WHAT IS BEING ASKED: Copy all the records exactly; the complete set is the expected result.
****************************************
(* (Height-preserving contraction.) For all $n\geq1$, finite multisets of formulas $\Gamma,\Delta$, every formula $\nu$ and every classical formula $\alpha$: $\vdash^n\Gamma,\nu,\nu\Rightarrow\Delta$ implies $\vdash^n\Gamma,\nu\Rightarrow\Delta$ (left contraction), and $\vdash^n\Gamma\Rightarrow\alpha,\alpha,\Delta$ implies $\vdash^n\Gamma\Rightarrow\alpha,\Delta$ (right contraction for classical formulas).
   Context: Fix a countably infinite set $\mathsf{Prop}$ of propositional variables. Classical formulas are generated by $\alpha ::= p \mid \bot \mid \neg\alpha \mid \alpha\wedge\alpha \mid \alpha\vee\alpha$ with $p\in\mathsf{Prop}$. Formulas are generated by $\phi ::= \alpha \mid \phi\wedge\phi \mid \phi\vee\phi \mid \phi\mathbin{\backslash\!\!/}\phi$ where $\alpha$ is classical ($\vee$: split disjunction, $\mathbin{\backslash\!\!/}$: inquisitive disjunction). A sequent is $\Gamma\Rightarrow\Delta$ with $\Gamma,\Delta$ finite multisets of formulas; "$\Gamma,\Delta$" denotes multiset union. Deep-inference notation: for a formula $\chi$ with a designated occurrence of a subformula not in the scope of any negation, $\chi\{\eta\}$ denotes the result of replacing that occurrence by $\eta$. The cut-free calculus $\mathsf{GT}^-$ ($\alpha$ ranges over classical formulas, $\Lambda$ over multisets of classical formulas): axioms $\Gamma,p\Rightarrow p,\Delta$ and $\Gamma,\bot\Rightarrow\Delta$; (L$\neg$) from $\Gamma\Rightarrow\alpha,\Delta$ infer $\Gamma,\neg\alpha\Rightarrow\Delta$; (R$\neg$) from $\Gamma,\alpha\Rightarrow\Delta$ infer $\Gamma\Rightarrow\neg\alpha,\Delta$; (L$\wedge$) from $\Gamma,\phi,\psi\Rightarrow\Delta$ infer $\Gamma,\phi\wedge\psi\Rightarrow\Delta$; (R$\wedge$) from $\Gamma\Rightarrow\phi,\Lambda$ and $\Gamma\Rightarrow\psi,\Lambda$ infer $\Gamma\Rightarrow\phi\wedge\psi,\Lambda,\Delta$; (L$\vee$) from $\Gamma,\phi\Rightarrow\Lambda$ and $\Gamma,\psi\Rightarrow\Lambda$ infer $\Gamma,\phi\vee\psi\Rightarrow\Lambda,\Delta$; (R$\vee$) from $\Gamma\Rightarrow\phi,\psi,\Delta$ infer $\Gamma\Rightarrow\phi\vee\psi,\Delta$; (L$\mathbin{\backslash\!\!/}$) from $\Gamma,\chi\{\phi_L\}\Rightarrow\Delta$ and $\Gamma,\chi\{\phi_R\}\Rightarrow\Delta$ infer $\Gamma,\chi\{\phi_L\mathbin{\backslash\!\!/}\phi_R\}\Rightarrow\Delta$; (R$\mathbin{\backslash\!\!/}$) from $\Gamma\Rightarrow\chi\{\phi_i\},\Delta$ ($i\in\{L,R\}$) infer $\Gamma\Rightarrow\chi\{\phi_L\mathbin{\backslash\!\!/}\phi_R\},\Delta$. The height of a derivation consisting of a single axiom is $1$; otherwise it is $1$ plus the maximum height of the subderivations of the premises of its last rule. $\vdash^n\Gamma\Rightarrow\Delta$ means there is a $\mathsf{GT}^-$-derivation of $\Gamma\Rightarrow\Delta$ of height at most $n$. *)

theory Defs
  imports Main "HOL-Library.Multiset"
begin

text \<open>The single datatype contains all syntax trees; the
predicates classical/wff carve out the classical formulas and the formulas of
the paper (negation only applied to classical formulas).\<close>

datatype fm =
    Atom nat
  | Bot
  | Neg fm
  | Conj fm fm
  | Disj fm fm
  | IDisj fm fm

fun classical :: "fm \<Rightarrow> bool" where
  "classical (Atom p) = True"
| "classical Bot = True"
| "classical (Neg a) = classical a"
| "classical (Conj a b) = (classical a \<and> classical b)"
| "classical (Disj a b) = (classical a \<and> classical b)"
| "classical (IDisj a b) = False"

fun wff :: "fm \<Rightarrow> bool" where
  "wff (Atom p) = True"
| "wff Bot = True"
| "wff (Neg a) = classical a"
| "wff (Conj a b) = (wff a \<and> wff b)"
| "wff (Disj a b) = (wff a \<and> wff b)"
| "wff (IDisj a b) = (wff a \<and> wff b)"

text \<open>Deep-inference contexts: a formula with one designated hole that is
not in the scope of any negation.\<close>

datatype ctx =
    Hole
  | CConjL ctx fm | CConjR fm ctx
  | CDisjL ctx fm | CDisjR fm ctx
  | CIDisjL ctx fm | CIDisjR fm ctx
****************************************
RESPONSE TO THE EXERCISE:
(* (Height-preserving contraction.) For all $n\geq1$, finite multisets of formulas $\Gamma,\Delta$, every formula $\nu$ and every classical formula $\alpha$: $\vdash^n\Gamma,\nu,\nu\Rightarrow\Delta$ implies $\vdash^n\Gamma,\nu\Rightarrow\Delta$ (left contraction), and $\vdash^n\Gamma\Rightarrow\alpha,\alpha,\Delta$ implies $\vdash^n\Gamma\Rightarrow\alpha,\Delta$ (right contraction for classical formulas).
   Context: Fix a countably infinite set $\mathsf{Prop}$ of propositional variables. Classical formulas are generated by $\alpha ::= p \mid \bot \mid \neg\alpha \mid \alpha\wedge\alpha \mid \alpha\vee\alpha$ with $p\in\mathsf{Prop}$. Formulas are generated by $\phi ::= \alpha \mid \phi\wedge\phi \mid \phi\vee\phi \mid \phi\mathbin{\backslash\!\!/}\phi$ where $\alpha$ is classical ($\vee$: split disjunction, $\mathbin{\backslash\!\!/}$: inquisitive disjunction). A sequent is $\Gamma\Rightarrow\Delta$ with $\Gamma,\Delta$ finite multisets of formulas; "$\Gamma,\Delta$" denotes multiset union. Deep-inference notation: for a formula $\chi$ with a designated occurrence of a subformula not in the scope of any negation, $\chi\{\eta\}$ denotes the result of replacing that occurrence by $\eta$. The cut-free calculus $\mathsf{GT}^-$ ($\alpha$ ranges over classical formulas, $\Lambda$ over multisets of classical formulas): axioms $\Gamma,p\Rightarrow p,\Delta$ and $\Gamma,\bot\Rightarrow\Delta$; (L$\neg$) from $\Gamma\Rightarrow\alpha,\Delta$ infer $\Gamma,\neg\alpha\Rightarrow\Delta$; (R$\neg$) from $\Gamma,\alpha\Rightarrow\Delta$ infer $\Gamma\Rightarrow\neg\alpha,\Delta$; (L$\wedge$) from $\Gamma,\phi,\psi\Rightarrow\Delta$ infer $\Gamma,\phi\wedge\psi\Rightarrow\Delta$; (R$\wedge$) from $\Gamma\Rightarrow\phi,\Lambda$ and $\Gamma\Rightarrow\psi,\Lambda$ infer $\Gamma\Rightarrow\phi\wedge\psi,\Lambda,\Delta$; (L$\vee$) from $\Gamma,\phi\Rightarrow\Lambda$ and $\Gamma,\psi\Rightarrow\Lambda$ infer $\Gamma,\phi\vee\psi\Rightarrow\Lambda,\Delta$; (R$\vee$) from $\Gamma\Rightarrow\phi,\psi,\Delta$ infer $\Gamma\Rightarrow\phi\vee\psi,\Delta$; (L$\mathbin{\backslash\!\!/}$) from $\Gamma,\chi\{\phi_L\}\Rightarrow\Delta$ and $\Gamma,\chi\{\phi_R\}\Rightarrow\Delta$ infer $\Gamma,\chi\{\phi_L\mathbin{\backslash\!\!/}\phi_R\}\Rightarrow\Delta$; (R$\mathbin{\backslash\!\!/}$) from $\Gamma\Rightarrow\chi\{\phi_i\},\Delta$ ($i\in\{L,R\}$) infer $\Gamma\Rightarrow\chi\{\phi_L\mathbin{\backslash\!\!/}\phi_R\},\Delta$. The height of a derivation consisting of a single axiom is $1$; otherwise it is $1$ plus the maximum height of the subderivations of the premises of its last rule. $\vdash^n\Gamma\Rightarrow\Delta$ means there is a $\mathsf{GT}^-$-derivation of $\Gamma\Rightarrow\Delta$ of height at most $n$. *)

theory Defs
  imports Main "HOL-Library.Multiset"
begin

text \<open>The single datatype contains all syntax trees; the
predicates classical/wff carve out the classical formulas and the formulas of
the paper (negation only applied to classical formulas).\<close>

datatype fm =
    Atom nat
  | Bot
  | Neg fm
  | Conj fm fm
  | Disj fm fm
  | IDisj fm fm

fun classical :: "fm \<Rightarrow> bool" where
  "classical (Atom p) = True"
| "classical Bot = True"
| "classical (Neg a) = classical a"
| "classical (Conj a b) = (classical a \<and> classical b)"
| "classical (Disj a b) = (classical a \<and> classical b)"
| "classical (IDisj a b) = False"

fun wff :: "fm \<Rightarrow> bool" where
  "wff (Atom p) = True"
| "wff Bot = True"
| "wff (Neg a) = classical a"
| "wff (Conj a b) = (wff a \<and> wff b)"
| "wff (Disj a b) = (wff a \<and> wff b)"
| "wff (IDisj a b) = (wff a \<and> wff b)"

text \<open>Deep-inference contexts: a formula with one designated hole that is
not in the scope of any negation.\<close>

datatype ctx =
    Hole
  | CConjL ctx fm | CConjR fm ctx
  | CDisjL ctx fm | CDisjR fm ctx
  | CIDisjL ctx fm | CIDisjR fm ctx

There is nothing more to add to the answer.